WHAT THE EXERCISE ASKS:
Set out exactly every line of the entries below, starting at the line that holds "either; with a" and stopping after the line that holds "unfolding mono_val_def by".

SUPPLIED MATERIAL:

Start of Block

(* Let $n$ be an even integer, $Q=P^{\alpha_2}$, $w^{ss}_{\min}\in W^Q$ the element corresponding to $(\frac n2,n)$, $\xi\in X(w^{ss}_{\min})^{ss}_T(\mathcal{L}(\frac n2\omega_2))$, and $\varphi:(G_{2,n})^{ss}_T(\mathcal{L}(\frac n2\omega_2))\to T\backslash\backslash(G_{2,n})^{ss}_T(\mathcal{L}(\frac n2\omega_2))$ the GIT quotient map. If $u,v\in W^{P^{\alpha_{n/2}}}$ satisfy $\varphi(u\xi)=\varphi(v\xi)$, then $v=u$ or $v=uw_0^{S\setminus\{\alpha_{n/2}\}}$.
   Context: $G=SL(n,\mathbb{C})$, $T$ the diagonal torus, $B$ the upper triangular Borel subgroup, $W=S_n$ acting on $G/Q$ via permutation-matrix representatives (so $\varphi(u\xi)$ is independent of the representative). $G_{2,n}=G/Q$ the Grassmannian of 2-planes in $\mathbb{C}^n$, $X(u)=\overline{BuQ}/Q$ for $u\in W^Q\cong I(2,n)$. $\mathcal{L}(m\omega_2)=\mathcal{O}(m)$ for the Plücker embedding with natural $T$-linearization; $ss$ denotes $T$-semistable points; the quotient is $\mathrm{Proj}\bigoplus_dH^0(G_{2,n},\mathcal{L}(\frac n2\omega_2)^{\otimes d})^T$. $W^{P^{\alpha_{n/2}}}=\{v\in S_n:v(1)<\cdots<v(\frac n2),\ v(\frac n2+1)<\cdots<v(n)\}$, with longest element $w_0^{S\setminus\{\alpha_{n/2}\}}$: $i\mapsto\frac n2+i$, $\frac n2+i\mapsto i$. *)

theory Defs
  imports Complex_Main "HOL-Combinatorics.Permutations"
begin

(* A 2-plane V = span{a,b} in C^n, vectors indexed by {1..n} (zero outside). *)
definition pl :: "(nat \<Rightarrow> complex) \<Rightarrow> (nat \<Rightarrow> complex) \<Rightarrow> nat \<Rightarrow> nat \<Rightarrow> complex" where
  "pl a b i j = a i * b j - a j * b i"

definition is_plane :: "nat \<Rightarrow> (nat \<Rightarrow> complex) \<Rightarrow> (nat \<Rightarrow> complex) \<Rightarrow> bool" where
  "is_plane n a b \<longleftrightarrow> (\<forall>k. k \<notin> {1..n} \<longrightarrow> a k = 0 \<and> b k = 0) \<and> (\<exists>i j. pl a b i j \<noteq> 0)"

(* Exponent data of a T-invariant Pluecker monomial in H^0(G_{2,n}, L(n/2 omega_2)^{\<otimes> d}):
   m i j = exponent of p_{ij} (i<j); each index occurs exactly d times (weight zero). *)
definition inv_monomial :: "nat \<Rightarrow> nat \<Rightarrow> (nat \<Rightarrow> nat \<Rightarrow> nat) \<Rightarrow> bool" where
  "inv_monomial n d m \<longleftrightarrow>
     (\<forall>i j. m i j \<noteq> 0 \<longrightarrow> 1 \<le> i \<and> i < j \<and> j \<le> n) \<and>
     (\<forall>i\<in>{1..n}. (\<Sum>j\<in>{1..n}. m i j + m j i) = d)"

definition mono_val :: "nat \<Rightarrow> (nat \<Rightarrow> nat \<Rightarrow> nat) \<Rightarrow> (nat \<Rightarrow> complex) \<Rightarrow> (nat \<Rightarrow> complex) \<Rightarrow> complex" where
  "mono_val n m a b = (\<Prod>i\<in>{1..n}. \<Prod>j\<in>{1..n}. pl a b i j ^ m i j)"

(* T-semistability w.r.t. L(n/2 omega_2): some invariant section of positive degree is nonzero *)
definition semistable :: "nat \<Rightarrow> (nat \<Rightarrow> complex) \<Rightarrow> (nat \<Rightarrow> complex) \<Rightarrow> bool" where
  "semistable n a b \<longleftrightarrow> is_plane n a b \<and>
     (\<exists>d>0. \<exists>m. inv_monomial n d m \<and> mono_val n m a b \<noteq> 0)"

(* phi(x) = phi(y) in Proj (\<Oplus>_d H^0(...)^T): the evaluations of invariants of each degree
   are proportional *)
definition same_quot :: "nat \<Rightarrow> (nat \<Rightarrow> complex) \<Rightarrow> (nat \<Rightarrow> complex) \<Rightarrow>
    (nat \<Rightarrow> complex) \<Rightarrow> (nat \<Rightarrow> complex) \<Rightarrow> bool" where
  "same_quot n a b a' b' \<longleftrightarrow>
     (\<forall>d m m'. inv_monomial n d m \<longrightarrow> inv_monomial n d m' \<longrightarrow>
        mono_val n m a b * mono_val n m' a' b' = mono_val n m a' b' * mono_val n m' a b)"

(* Schubert variety X(w) for w = (n/2, n): V meets E_{n/2} = span{e_1..e_{n/2}} nontrivially *)
definition in_X_wmin :: "nat \<Rightarrow> (nat \<Rightarrow> complex) \<Rightarrow> (nat \<Rightarrow> complex) \<Rightarrow> bool" where
  "in_X_wmin n a b \<longleftrightarrow>
     (\<exists>s t. (s, t) \<noteq> (0, 0) \<and> (\<forall>k. n div 2 < k \<longrightarrow> s * a k + t * b k = 0))"

definition minrep_half :: "nat \<Rightarrow> (nat \<Rightarrow> nat) \<Rightarrow> bool" where
  "minrep_half n u \<longleftrightarrow> u permutes {1..n} \<and>
     strict_mono_on {1..n div 2} u \<and> strict_mono_on {n div 2 + 1..n} u"

definition w0_half :: "nat \<Rightarrow> nat \<Rightarrow> nat" where
  "w0_half n i = (if 1 \<le> i \<and> i \<le> n div 2 then i + n div 2
                  else if n div 2 < i \<and> i \<le> n then i - n div 2 else i)"

(* permutation matrix action e_i \<mapsto> e_{u i} on vectors *)
definition perm_vec :: "(nat \<Rightarrow> nat) \<Rightarrow> (nat \<Rightarrow> complex) \<Rightarrow> nat \<Rightarrow> complex" where
  "perm_vec u a = (\<lambda>k. a (inv u k))"

end

theory Submission
  imports Defs
begin

(* Since xi meets span(e_1, ..., e_{n/2}), its Pluecker
   coordinates p_ij vanish for i, j > n/2. A nonvanishing invariant monomial therefore has no
   factor inside the upper half, and counting degrees shows it has none inside the lower half
   either; with a Pluecker relation this gives p_ij(xi) <> 0 whenever i <= n/2 < j.
   A fixed-point-free involution g of {1..n} gives the degree-one invariant prod p_{x, g x}.
   If v is neither u nor u w0, then some lower index k and (applying this to u w0) some upper
   index h are sent by u into v(upper half). For an involution sigma exchanging the halves with
   sigma k = h, the invariant of u sigma u^-1 is nonzero at u xi and zero at v xi, while that of
   v w0 v^-1 is nonzero at v xi; so phi(u xi) <> phi(v xi). *)

lemma pl_swap: "pl a b j i = - pl a b i j"
  by (simp add: pl_def)

lemma pl_perm_vec:
  assumes "bij p"
  shows "pl (perm_vec p a) (perm_vec p b) (p i) (p j) = pl a b i j"
  using assms by (simp add: pl_def perm_vec_def bij_is_inj)

lemma pl_pluecker_relation:
  "pl a b i j * pl a b k l - pl a b i l * pl a b k j = pl a b i k * pl a b j l"
  unfolding pl_def by algebra

lemma mono_val_eq_0_iff:
  "mono_val n m a b = 0 \<longleftrightarrow> (\<exists>i\<in>{1..n}. \<exists>j\<in>{1..n}. m i j \<noteq> 0 \<and> pl a b i j = 0)"
  unfolding mono_val_def by (auto simp: prod_zero_iff)

definition fixfree_involution_on :: "'a set \<Rightarrow> ('a \<Rightarrow> 'a) \<Rightarrow> bool" where
  "fixfree_involution_on S g \<longleftrightarrow> (\<forall>x\<in>S. g x \<in> S \<and> g (g x) = x \<and> g x \<noteq> x)"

End of Block

SOLUTION BELOW:
   either; with a Pluecker relation this gives p_ij(xi) <> 0 whenever i <= n/2 < j.
   A fixed-point-free involution g of {1..n} gives the degree-one invariant prod p_{x, g x}.
   If v is neither u nor u w0, then some lower index k and (applying this to u w0) some upper
   index h are sent by u into v(upper half). For an involution sigma exchanging the halves with
   sigma k = h, the invariant of u sigma u^-1 is nonzero at u xi and zero at v xi, while that of
   v w0 v^-1 is nonzero at v xi; so phi(u xi) <> phi(v xi). *)

lemma pl_swap: "pl a b j i = - pl a b i j"
  by (simp add: pl_def)

lemma pl_perm_vec:
  assumes "bij p"
  shows "pl (perm_vec p a) (perm_vec p b) (p i) (p j) = pl a b i j"
  using assms by (simp add: pl_def perm_vec_def bij_is_inj)

lemma pl_pluecker_relation:
  "pl a b i j * pl a b k l - pl a b i l * pl a b k j = pl a b i k * pl a b j l"
  unfolding pl_def by algebra

lemma mono_val_eq_0_iff:
  "mono_val n m a b = 0 \<longleftrightarrow> (\<exists>i\<in>{1..n}. \<exists>j\<in>{1..n}. m i j \<noteq> 0 \<and> pl a b i j = 0)"
  unfolding mono_val_def by (auto simp: prod_zero_iff)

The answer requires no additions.